• Task goal:
Set down exactly the lines of the records from the top to the line containing "by (simp add: ray_ball_def dist_real_def"; include both.

• The records:

lemma disjoint_family_ray_ball:
  assumes "r > 0"
  shows "disjoint_family (ray_ball q e r)"
proof -
  have t: "3 * r * real j - r \<le> fst x - fst q \<and> fst x - fst q \<le> 3 * r * real j + r"
    if "x \<in> ray_ball q e r j" for x j
    using that dist_fst_le[of "q + (3 * real j * r) *\<^sub>R (1, e)" x]
    by (simp add: ray_ball_def dist_real_def abs_le_iff algebra_simps)
  have "ray_ball q e r k \<inter> ray_ball q e r l = {}" if "k < l" for k l
  proof (intro equals0I)
    fix x assume "x \<in> ray_ball q e r k \<inter> ray_ball q e r l"
    then have "fst x - fst q \<le> 3 * r * real k + r" "3 * r * real l - r \<le> fst x - fst q"
      using t by blast+
    moreover have "3 * r * (real k + 1) \<le> 3 * r * real l"
      using that assms by (intro mult_left_mono) auto
    ultimately show False using assms by (simp add: algebra_simps)
  qed
  then show ?thesis
    unfolding disjoint_family_on_def by (metis Int_commute linorder_neq_iff)
qed

lemma emeasure_ray_ball_Union:
  fixes q :: "'n::finite mpoint"
  assumes "r > 0"
  shows "emeasure lborel (\<Union>k. ray_ball q e r k) = \<infinity>"
proof -
  define c where "c = unit_ball_vol DIM('n mpoint) * r ^ DIM('n mpoint)"
  have "c > 0" using assms by (simp add: c_def)
  have "emeasure lborel (\<Union>k. ray_ball q e r k) = (\<Sum>k. emeasure lborel (ray_ball q e r k))"
  proof (rule suminf_emeasure[symmetric])
    show "range (ray_ball q e r) \<subseteq> sets lborel" by (auto simp: ray_ball_def)
  qed (rule disjoint_family_ray_ball[OF assms])
  also have "\<dots> = (\<Sum>k::nat. ennreal c)"
    using assms by (simp add: ray_ball_def emeasure_cball c_def)
  also have "\<dots> = \<infinity>"
    unfolding infinity_ennreal_def
    using \<open>c > 0\<close> by (intro summable_iff_suminf_neq_top) (simp_all add: summable_const_iff)
  finally show ?thesis .
qed

lemma exists_dense_direction:
  fixes w :: "'a::euclidean_space"
  assumes dense: "\<And>U. open U \<Longrightarrow> U \<noteq> {} \<Longrightarrow> \<exists>d\<in>D. d \<in> U" and "t < norm w"
  obtains d where "d \<in> D" "d \<noteq> 0" "t < (d /\<^sub>R norm d) \<bullet> w"
proof -
  define U where "U = {d. t * norm d < d \<bullet> w}"
  have "open U" unfolding U_def by (intro open_Collect_less continuous_intros)
  moreover have "U \<noteq> {}"
  proof (cases "w = 0")
    case True
    obtain b :: 'a where "b \<in> Basis" using nonempty_Basis by blast
    then have "b \<in> U" using True assms(2) by (simp add: U_def)
    then show ?thesis by blast
  next
    case False
    then have "w \<in> U" using assms(2) by (simp add: U_def dot_square_norm power2_eq_square)
    then show ?thesis by blast
  qed
  ultimately obtain d where d: "d \<in> D" "d \<in> U" using dense by blast
  then have "d \<noteq> 0" by (auto simp: U_def)
  moreover from d have "t < (d /\<^sub>R norm d) \<bullet> w"
    using \<open>d \<noteq> 0\<close> by (simp add: U_def inverse_eq_divide pos_less_divide_eq mult.commute)
  ultimately show thesis using d that by blast
qed
lemma SNR_le:
  assumes "0 < \<beta>" "\<beta> \<le> 1" "0 < L" "0 < sb2" "0 \<le> P" "0 \<le> \<gamma>" "\<gamma> \<le> 1"
  shows "SNR L P sb2 0 \<beta> \<gamma> N l \<le> P * real N / (real L * sb2 * \<beta> ^ (2 * N))"
proof -
  let ?G = "noise_gain L \<beta> (N - L) l"
  have "\<beta> ^ (2 * N) \<le> \<beta> ^ (2 * (N - L))"
    using assms(1,2) by (intro power_decreasing) auto
  also have "\<dots> \<le> ?G"
    by (rule noise_gain_ge[OF assms(1)])
  finally have "real L * sb2 * \<beta> ^ (2 * N) \<le> real L * sb2 * ?G"
    using assms(3,4) by simp
  moreover have "0 < real L * sb2 * \<beta> ^ (2 * N)"
    using assms(1,3,4) by simp
  ultimately have "P * real N * (1 - \<gamma>) / (real L * sb2 * ?G)
      \<le> P * real N * (1 - \<gamma>) / (real L * sb2 * \<beta> ^ (2 * N))"
    using assms(5,7) by (intro divide_left_mono) auto
  also have "\<dots> \<le> P * real N / (real L * sb2 * \<beta> ^ (2 * N))"
    using assms(1,3-6) by (intro divide_right_mono mult_left_le) auto
  finally show ?thesis
    unfolding SNR_perfect_feedback .
qed

lemma SNR_ge:
  assumes "0 < \<beta>" "\<beta> < 1" "L = 2 ^ n" "l < L" "0 < sb2" "0 \<le> P" "\<gamma> \<le> 1"
  shows "P * (1 - \<gamma>) * \<beta> ^ (6 * L) * (1 - \<beta>\<^sup>2) / ((real L)\<^sup>2 * sb2) * real N / \<beta> ^ (2 * N)
    \<le> SNR L P sb2 0 \<beta> \<gamma> N l"
proof -
  let ?G = "noise_gain L \<beta> (N - L) l"
  let ?B = "\<beta> ^ (2 * N) / (\<beta> ^ (6 * L) * (1 - \<beta>\<^sup>2))"
  have L: "0 < L"
    using assms(3) by simp
  have \<beta>2: "0 < 1 - \<beta>\<^sup>2"
    using assms(1,2) by (simp add: power_less_one_iff)
  have "\<beta> ^ (2 * (N - L)) * \<beta> ^ (2 * L) \<le> \<beta> ^ (2 * N)"
    using assms(1,2) by (simp flip: power_add)
  then have "\<beta> ^ (2 * (N - L)) \<le> \<beta> ^ (2 * N) / \<beta> ^ (2 * L)"
    using assms(1) by (simp add: le_divide_eq)
  then have "\<beta> ^ (2 * (N - L)) / (\<beta> ^ (4 * L) * (1 - \<beta>\<^sup>2))
      \<le> \<beta> ^ (2 * N) / \<beta> ^ (2 * L) / (\<beta> ^ (4 * L) * (1 - \<beta>\<^sup>2))"
    using assms(1) \<beta>2 by (intro divide_right_mono) auto
  also have "\<dots> = ?B"
    by (simp add: mult.assoc flip: power_add)
  finally have "?G \<le> real L * ?B"
    using noise_gain_le[OF assms(1-4), of "N - L"]
    by (meson mult_left_mono of_nat_0_le_iff order_trans)
  then have "real L * sb2 * ?G \<le> real L * sb2 * (real L * ?B)"
    using assms(5) by (intro mult_left_mono) auto
  moreover have "0 < ?G"
    using zero_less_power[OF assms(1)] noise_gain_ge[OF assms(1)] by (rule order.strict_trans2)
  ultimately have "P * real N * (1 - \<gamma>) / (real L * sb2 * (real L * ?B))
      \<le> P * real N * (1 - \<gamma>) / (real L * sb2 * ?G)"
    using assms(1,5-7) L \<beta>2 by (intro divide_left_mono mult_pos_pos) auto
  moreover have "P * real N * (1 - \<gamma>) / (real L * sb2 * (real L * ?B))
      = P * (1 - \<gamma>) * \<beta> ^ (6 * L) * (1 - \<beta>\<^sup>2) / ((real L)\<^sup>2 * sb2) * real N / \<beta> ^ (2 * N)"
    using assms(1) \<beta>2 by (simp add: field_simps power2_eq_square)
  ultimately show ?thesis
    unfolding SNR_perfect_feedback by simp
qed

section \<open>The Gaussian tail and the PAM error rate\<close>

lemma gaussQ_nonneg: "0 \<le> gaussQ y"
  unfolding gaussQ_def set_lebesgue_integral_def
  by (rule integral_nonneg_AE) (auto simp: indicator_def)

lemma integrable_std_normal_density_indicator:
  "integrable lborel (\<lambda>t. indicator {y<..} t *\<^sub>R std_normal_density t)"
proof -
  have "integrable lborel (\<lambda>t. std_normal_density t * indicator {y<..} t)"
    by (rule integrable_real_mult_indicator) auto
  then show ?thesis
    by (simp add: mult.commute)
qed

text \<open>Chebyshev's inequality for the standard normal distribution.\<close>

lemma gaussQ_le:
  assumes "0 < y"
  shows "gaussQ y \<le> 1 / y\<^sup>2"
proof -
  have second_moment: "integrable lborel (\<lambda>t. std_normal_density t * t ^ (2 * 1) / y\<^sup>2)"
    using integrable_std_normal_moment[of "2 * 1"] by simp
  have "gaussQ y \<le> (LINT t|lborel. std_normal_density t * t ^ (2 * 1) / y\<^sup>2)"
    unfolding gaussQ_def set_lebesgue_integral_def
  proof (rule integral_mono[OF integrable_std_normal_density_indicator second_moment])
    fix t :: real
    show "indicator {y<..} t *\<^sub>R std_normal_density t \<le> std_normal_density t * t ^ (2 * 1) / y\<^sup>2"
    proof (cases "y < t")
      case True
      then have "1 \<le> t\<^sup>2 / y\<^sup>2"
        using assms by (simp add: power_mono)
      then show ?thesis
        using True mult_left_mono[OF _ normal_density_nonneg] by fastforce
    qed simp
  qed
  also have "\<dots> = 1 / y\<^sup>2"
    using integral_std_normal_moment_even[of 1] by simp
  finally show ?thesis .
qed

• Output of the task:
lemma disjoint_family_ray_ball:
  assumes "r > 0"
  shows "disjoint_family (ray_ball q e r)"
proof -
  have t: "3 * r * real j - r \<le> fst x - fst q \<and> fst x - fst q \<le> 3 * r * real j + r"
    if "x \<in> ray_ball q e r j" for x j
    using that dist_fst_le[of "q + (3 * real j * r) *\<^sub>R (1, e)" x]
    by (simp add: ray_ball_def dist_real_def abs_le_iff algebra_simps)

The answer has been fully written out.